PROBLEM TO WORK ON:
In the entries that follow, the line with "using i j by (subst" opens the range and the line with "by (simp add: coxeter_matrix_def)" closes it; repeat that range exactly, both lines included.

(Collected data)
════

lemma mult_sparse_col_mat_index:
  assumes "A \<in> carrier_mat nr n" and "i < nr" and "k < n"
  shows "(A * sparse_col_mat n f) $$ (i, k) = sum_list (map (\<lambda>(a, x). if a < n then x * A $$ (i, a) else 0) (f k))"
proof -
  have "(A * sparse_col_mat n f) $$ (i, k) = sum_list (map (\<lambda>(a, x). if a < n then x * row A i $ a else 0) (f k))"
    using assms by (simp add: scalar_prod_col_sparse_col_mat)
  also have "\<dots> = sum_list (map (\<lambda>(a, x). if a < n then x * A $$ (i, a) else 0) (f k))"
    using assms by (intro arg_cong[where f = sum_list] map_cong) auto
  finally show ?thesis .
qed

lemma col_sparse_col_mat_scalar_prod:
  assumes "v \<in> carrier_vec n" and "k < n"
  shows "col (sparse_col_mat n f) k \<bullet> v = sum_list (map (\<lambda>(a, x). if a < n then x * v $ a else 0) (f k))"
  using assms by (simp add: comm_scalar_prod[of _ n] scalar_prod_col_sparse_col_mat)

section \<open>The Coxeter matrix of N_n(r) for n \<le> 2r\<close>

lemma nakayama_cartan_dim [simp]:
  "dim_row (nakayama_cartan n r) = n" "dim_col (nakayama_cartan n r) = n"
  by (simp_all add: nakayama_cartan_def)

lemma nakayama_cartan_carrier [simp]: "nakayama_cartan n r \<in> carrier_mat n n"
  by (simp add: carrier_matI)

lemma nakayama_cartan_index:
  "a < n \<Longrightarrow> j < n \<Longrightarrow> nakayama_cartan n r $$ (a, j) = (if a \<le> j \<and> j < a + r then 1 else 0)"
  by (auto simp: nakayama_cartan_def)

text \<open>The transposed Cartan matrix is 1 + S + ... + S^(r-1) = (1 - S^r)(1 - S)^(-1) for the shift
  matrix S with ones below the diagonal; as S^(2r) = 0 when n \<le> 2r, its inverse is (1 - S)(1 + S^r).\<close>

definition nakayama_cartan_transpose_inv :: "nat \<Rightarrow> nat \<Rightarrow> rat mat" where
  "nakayama_cartan_transpose_inv n r = mat n n (\<lambda>(i, k).
     (if k = i then 1 else 0) - (if k + 1 = i then 1 else 0)
     + (if k + r = i then 1 else 0) - (if k + (r + 1) = i then 1 else 0))"

lemma nakayama_cartan_transpose_inv_mult_index:
  assumes M: "M \<in> carrier_mat n nc" and i: "i < n" and j: "j < nc"
  shows "(nakayama_cartan_transpose_inv n r * M) $$ (i, j)
    = M $$ (i, j) - (if 1 \<le> i then M $$ (i - 1, j) else 0)
      + (if r \<le> i then M $$ (i - r, j) else 0) - (if r + 1 \<le> i then M $$ (i - (r + 1), j) else 0)"
proof -
  have "(nakayama_cartan_transpose_inv n r * M) $$ (i, j)
    = (\<Sum>k<n. (if k + 0 = i then M $$ (k, j) else 0) - (if k + 1 = i then M $$ (k, j) else 0)
      + (if k + r = i then M $$ (k, j) else 0) - (if k + (r + 1) = i then M $$ (k, j) else 0))"
    using M i j by (auto simp: nakayama_cartan_transpose_inv_def scalar_prod_def atLeast0LessThan
        intro!: sum.cong)
  also have "\<dots> = (\<Sum>k<n. if k + 0 = i then M $$ (k, j) else 0) - (\<Sum>k<n. if k + 1 = i then M $$ (k, j) else 0)
      + (\<Sum>k<n. if k + r = i then M $$ (k, j) else 0) - (\<Sum>k<n. if k + (r + 1) = i then M $$ (k, j) else 0)"
    by (simp only: sum.distrib sum_subtractf)
  also have "\<dots> = M $$ (i, j) - (if 1 \<le> i then M $$ (i - 1, j) else 0)
      + (if r \<le> i then M $$ (i - r, j) else 0) - (if r + 1 \<le> i then M $$ (i - (r + 1), j) else 0)"
    using i by (simp only: sum_lessThan_if_add_eq trans_less_add1) simp
  finally show ?thesis .
qed

lemma nakayama_cartan_transpose_inv_mult:
  assumes "n \<le> 2 * r"
  shows "nakayama_cartan_transpose_inv n r * transpose_mat (nakayama_cartan n r) = 1\<^sub>m n"
proof (rule eq_matI)
  fix i j assume "i < dim_row (1\<^sub>m n)" "j < dim_col (1\<^sub>m n)"
  then have i: "i < n" and j: "j < n" by simp_all
  have "(nakayama_cartan_transpose_inv n r * transpose_mat (nakayama_cartan n r)) $$ (i, j)
    = (if j \<le> i \<and> i < j + r then 1 else 0) - (if j + 1 \<le> i \<and> i < j + r + 1 then 1 else 0)
      + (if j + r \<le> i then 1 else 0) - (if j + r + 1 \<le> i then 1 else 0)"
    using i j assms
    by (subst nakayama_cartan_transpose_inv_mult_index[of _ n n]) (auto simp: nakayama_cartan_index)
  also have "\<dots> = 1\<^sub>m n $$ (i, j)"
    using i j by (cases "i = j"; cases "j < i"; cases "j + r \<le> i"; simp)
  finally show "(nakayama_cartan_transpose_inv n r * transpose_mat (nakayama_cartan n r)) $$ (i, j)
    = 1\<^sub>m n $$ (i, j)" .
qed (simp_all add: nakayama_cartan_transpose_inv_def)

definition nakayama_coxeter :: "nat \<Rightarrow> nat \<Rightarrow> rat mat" where
  "nakayama_coxeter n r = mat n n (\<lambda>(i, j).
     if r \<le> j + 1 then - (if i + r = j + 1 then 1 else 0)
     else (if i = j + 1 then 1 else 0) - (if i = 0 then 1 else 0) - (if i = r then 1 else 0)
       + (if i = j + r + 1 then 1 else 0))"

lemma nakayama_coxeter_index:
  assumes "i < n" and "j < n"
  shows "nakayama_coxeter n r $$ (i, j) =
     (if r \<le> j + 1 then - (if i + r = j + 1 then 1 else 0)
      else (if i = j + 1 then 1 else 0) - (if i = 0 then 1 else 0) - (if i = r then 1 else 0)
        + (if i = j + r + 1 then 1 else 0))"
  using assms by (simp add: nakayama_coxeter_def)

lemma coxeter_matrix_nakayama_cartan:
  assumes "n \<le> 2 * r"
  shows "coxeter_matrix (nakayama_cartan n r) = nakayama_coxeter n r"
proof -
  let ?C = "nakayama_cartan n r" and ?T = "nakayama_cartan_transpose_inv n r"
  have T: "?T \<in> carrier_mat n n"
    by (simp add: nakayama_cartan_transpose_inv_def)
  have "mat_inverse (transpose_mat ?C) = Some ?T"
    using T nakayama_cartan_transpose_inv_mult[OF assms] by (intro mat_inverse_eq_SomeI) auto
  moreover have "- (?T * ?C) = nakayama_coxeter n r"
  proof (rule eq_matI)
    fix i j assume "i < dim_row (nakayama_coxeter n r)" "j < dim_col (nakayama_coxeter n r)"
    then have i: "i < n" and j: "j < n" by (simp_all add: nakayama_coxeter_def)
    have "(?T * ?C) $$ (i, j)
      = (if i \<le> j \<and> j < i + r then 1 else 0) - (if 1 \<le> i \<and> i \<le> j + 1 \<and> j + 1 < i + r then 1 else 0)
        + (if r \<le> i \<and> i \<le> j + r \<and> j < i then 1 else 0) - (if r + 1 \<le> i \<and> i \<le> j + r + 1 \<and> j + 1 < i then 1 else 0)"
      using i j by (subst nakayama_cartan_transpose_inv_mult_index[of _ n n]) (auto simp: nakayama_cartan_index)
    also have "- \<dots> = nakayama_coxeter n r $$ (i, j)"
      using i j assms unfolding nakayama_coxeter_def
      by (cases "r \<le> j + 1"; cases "i = 0"; cases "i < r"; cases "i = r"; simp)
    finally show "(- (?T * ?C)) $$ (i, j) = nakayama_coxeter n r $$ (i, j)"
      using i j T by simp
  qed (use T in \<open>simp_all add: nakayama_coxeter_def\<close>)
  ultimately show ?thesis
    by (simp add: coxeter_matrix_def)
qed

section \<open>The case n = r + 7\<close>

text \<open>Columns 0, ..., r - 1 are the orbit of e_7 - e_6 under the Coxeter matrix and columns
  r, ..., r + 6 the orbit of e_0 + e_r.\<close>

definition nakayama_cyclic_basis_cols :: "nat \<Rightarrow> nat \<Rightarrow> (nat \<times> rat) list" where
  "nakayama_cyclic_basis_cols r k =
    (if k + 6 < r then [(k + 7, 1), (k + 6, -1)]
     else if k + 6 = r then [(0, 1), (1, -1)]
     else if k + 5 = r then [(1, 1), (2, -1), (r + 1, 1), (r + 2, -1)]
     else if k + 4 = r then [(r + 2, 1), (r + 3, -1)]
     else if k + 3 = r then [(4, 1), (3, -1)]
     else if k + 2 = r then [(5, 1), (4, -1), (r + 5, 1), (r + 4, -1)]
     else if k + 1 = r then [(r + 6, 1), (r + 5, -1)]
     else if k = r then [(0, 1), (r, 1)]
     else if k = r + 1 then [(0, -1), (r, -1), (r + 1, 1)]
     else if k = r + 2 then [(0, 1), (r, 1), (r + 1, -1), (2, -1)]
     else if k = r + 3 then [(r + 1, 1), (2, 1), (3, -1), (r + 3, -1)]
     else if k = r + 4 then [(2, -1), (3, 1), (r + 3, 1), (r + 4, -1)]
     else if k = r + 5 then [(3, -1), (r + 3, -1), (r + 4, 1), (5, 1)]
     else [(r + 4, -1), (5, -1), (6, 1), (r + 6, 1)])"

definition nakayama_cyclic_basis :: "nat \<Rightarrow> rat mat" where
  "nakayama_cyclic_basis r = sparse_col_mat (r + 7) (nakayama_cyclic_basis_cols r)"

definition nakayama_companion_blocks :: "nat \<Rightarrow> rat mat" where
  "nakayama_companion_blocks r = four_block_mat
     (companion_mat r (coeff (monom 1 r + 1))) (0\<^sub>m r 7)
     (0\<^sub>m 7 r) (companion_mat 7 (coeff [:1, 1, 0, -1, -1, 0, 1, 1:]))"

lemma nakayama_companion_blocks_sparse:
  shows "nakayama_companion_blocks r = sparse_col_mat (r + 7) (\<lambda>k.
     if k + 1 < r then [(k + 1, 1)] else if k + 1 = r then [(0, -1)]
     else if k < r + 6 then [(k + 1, 1)]
     else [(r, -1), (r + 1, -1), (r + 3, 1), (r + 4, 1), (r + 6, -1)])"
    (is "_ = sparse_col_mat _ ?cols")
proof (rule eq_matI)
  fix i k assume "i < dim_row (sparse_col_mat (r + 7) ?cols)" and "k < dim_col (sparse_col_mat (r + 7) ?cols)"
  then have i: "i < r + 7" and k: "k < r + 7" by simp_all
  show "nakayama_companion_blocks r $$ (i, k) = sparse_col_mat (r + 7) ?cols $$ (i, k)"
  proof (cases "k < r + 6")
    case True
    then show ?thesis
      using i k by (auto simp: nakayama_companion_blocks_def sparse_col_mat_index companion_mat_def coeff_monom)
  next
    case False
    then have "k = r + 6" using k by simp
    moreover have "i < r \<or> i - r < 7" using i by linarith
    ultimately show ?thesis
      using i by (auto simp: nakayama_companion_blocks_def sparse_col_mat_index companion_mat_def
          eval_nat_numeral less_Suc_eq)
  qed
qed (simp_all add: nakayama_companion_blocks_def)

text \<open>Writing r = m + 9 lets simp decide the case distinctions of nakayama_cyclic_basis_cols.\<close>

lemma nakayama_coxeter_cyclic_basis_index:
  assumes i: "i < m + 9 + 7" and k: "k < m + 9 + 7"
  shows "(nakayama_coxeter (m + 9 + 7) (m + 9) * nakayama_cyclic_basis (m + 9)) $$ (i, k)
    = (nakayama_cyclic_basis (m + 9) * nakayama_companion_blocks (m + 9)) $$ (i, k)"
proof -
  have Phi: "nakayama_coxeter (m + 9 + 7) (m + 9) \<in> carrier_mat (m + 9 + 7) (m + 9 + 7)"
    by (simp add: nakayama_coxeter_def)
  have P: "nakayama_cyclic_basis (m + 9) = sparse_col_mat (m + 9 + 7) (nakayama_cyclic_basis_cols (m + 9))"
    by (simp add: nakayama_cyclic_basis_def)
  note sparse_products = P nakayama_companion_blocks_sparse
    mult_sparse_col_mat_index[OF Phi i k] mult_sparse_col_mat_index[OF sparse_col_mat_carrier i k]
  show ?thesis
  proof (cases "k < m + 1")
    case True
    then have "nakayama_cyclic_basis_cols (m + 9) k = [(k + 7, 1), (k + 6, -1)]"
      and "nakayama_cyclic_basis_cols (m + 9) (k + 1) = [(k + 8, 1), (k + 7, -1)]"
      by (simp_all add: nakayama_cyclic_basis_cols_def)
    then show ?thesis
      using i True unfolding sparse_products
      by (simp add: nakayama_coxeter_index sparse_col_mat_index)
  next
    case False
    define s where "s = k - (m + 1)"
    have k_eq: "k = m + 1 + s" and "s < 15"
      using False k unfolding s_def by linarith+
    then have "s = 0 \<or> s = 1 \<or> s = 2 \<or> s = 3 \<or> s = 4 \<or> s = 5 \<or> s = 6 \<or> s = 7 \<or> s = 8 \<or> s = 9
      \<or> s = 10 \<or> s = 11 \<or> s = 12 \<or> s = 13 \<or> s = 14"
      by arith
    then show ?thesis
      using i unfolding sparse_products unfolding k_eq
      by (elim disjE) (simp_all add: nakayama_coxeter_index sparse_col_mat_index nakayama_cyclic_basis_cols_def)
  qed
qed

lemma nakayama_coxeter_cyclic_basis:
  assumes "r \<ge> 9"
  shows "nakayama_coxeter (r + 7) r * nakayama_cyclic_basis r
    = nakayama_cyclic_basis r * nakayama_companion_blocks r"
proof -
  obtain m where r: "r = m + 9"
    using assms by (metis add.commute le_Suc_ex)
  show ?thesis
    unfolding r using nakayama_coxeter_cyclic_basis_index
    by (intro eq_matI) (simp_all add: nakayama_cyclic_basis_def nakayama_coxeter_def nakayama_companion_blocks_sparse)
qed
lemma emeasure_mult_centre_dist_le:
  assumes [measurable]: "A \<in> sets M" "B \<in> sets M" "C \<in> sets M" "u \<in> borel_measurable M"
    and "C \<subseteq> A \<inter> B" "0 \<le> s"
  shows "emeasure M C * ennreal (\<bar>a - b\<bar> powr s)
    \<le> ennreal (2 powr s) * (dev M s A u a + dev M s B u b)"
proof -
  let ?k = "ennreal (2 powr s)"
  have "ennreal (\<bar>a - b\<bar> powr s) \<le> ?k * (ennreal (\<bar>u z - a\<bar> powr s) + ennreal (\<bar>u z - b\<bar> powr s))"
    for z
    using abs_diff_powr_le[OF \<open>0 \<le> s\<close>, of a b "u z"]
    by (simp add: abs_minus_commute ennreal_mult[symmetric] ennreal_plus[symmetric] ennreal_leI
        del: ennreal_plus)
  then have "emeasure M C * ennreal (\<bar>a - b\<bar> powr s)
      \<le> (\<integral>\<^sup>+ z\<in>C. ?k * (ennreal (\<bar>u z - a\<bar> powr s) + ennreal (\<bar>u z - b\<bar> powr s)) \<partial>M)"
    unfolding nn_set_integral_const[OF assms(3), symmetric]
    by (intro nn_integral_mono mult_right_mono) auto
  also have "\<dots> = ?k * (dev M s C u a + dev M s C u b)"
    unfolding dev_def by (rule nn_set_integral_cmult_add) auto
  also have "\<dots> \<le> ?k * (dev M s A u a + dev M s B u b)"
    using \<open>C \<subseteq> A \<inter> B\<close> by (intro mult_left_mono add_mono dev_mono) auto
  finally show ?thesis .
qed

lemma dev_tangent_le:
  assumes [measurable]: "E \<in> sets M" "u \<in> borel_measurable M" and "0 < t" "1 \<le> s"
  shows "ennreal (s * t powr (s - 1)) * (\<integral>\<^sup>+ z\<in>E. ennreal \<bar>u z - c\<bar> \<partial>M)
    \<le> dev M s E u c + emeasure M E * ennreal ((s - 1) * t powr s)"
proof -
  have "ennreal (s * t powr (s - 1)) * (\<integral>\<^sup>+ z\<in>E. ennreal \<bar>u z - c\<bar> \<partial>M)
      = (\<integral>\<^sup>+ z\<in>E. ennreal (s * t powr (s - 1) * \<bar>u z - c\<bar>) \<partial>M)"
    using assms by (subst nn_integral_cmult[symmetric]) (auto simp: ennreal_mult mult_ac)
  also have "\<dots> \<le> (\<integral>\<^sup>+ z\<in>E. ennreal (\<bar>u z - c\<bar> powr s) + ennreal ((s - 1) * t powr s) \<partial>M)"
    using powr_tangent_le[of "\<bar>u _ - c\<bar>" t s] assms
    by (intro nn_integral_mono mult_right_mono)
      (auto simp: ennreal_plus[symmetric] ennreal_leI simp del: ennreal_plus)
  also have "\<dots> = dev M s E u c + emeasure M E * ennreal ((s - 1) * t powr s)"
    unfolding dev_def by (subst nn_set_integral_add) (auto simp: nn_set_integral_const)
  finally show ?thesis .
qed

════

OUTPUT:
      using i j by (subst nakayama_cartan_transpose_inv_mult_index[of _ n n]) (auto simp: nakayama_cartan_index)
    also have "- \<dots> = nakayama_coxeter n r $$ (i, j)"
      using i j assms unfolding nakayama_coxeter_def
      by (cases "r \<le> j + 1"; cases "i = 0"; cases "i < r"; cases "i = r"; simp)
    finally show "(- (?T * ?C)) $$ (i, j) = nakayama_coxeter n r $$ (i, j)"
      using i j T by simp
  qed (use T in \<open>simp_all add: nakayama_coxeter_def\<close>)
  ultimately show ?thesis
    by (simp add: coxeter_matrix_def)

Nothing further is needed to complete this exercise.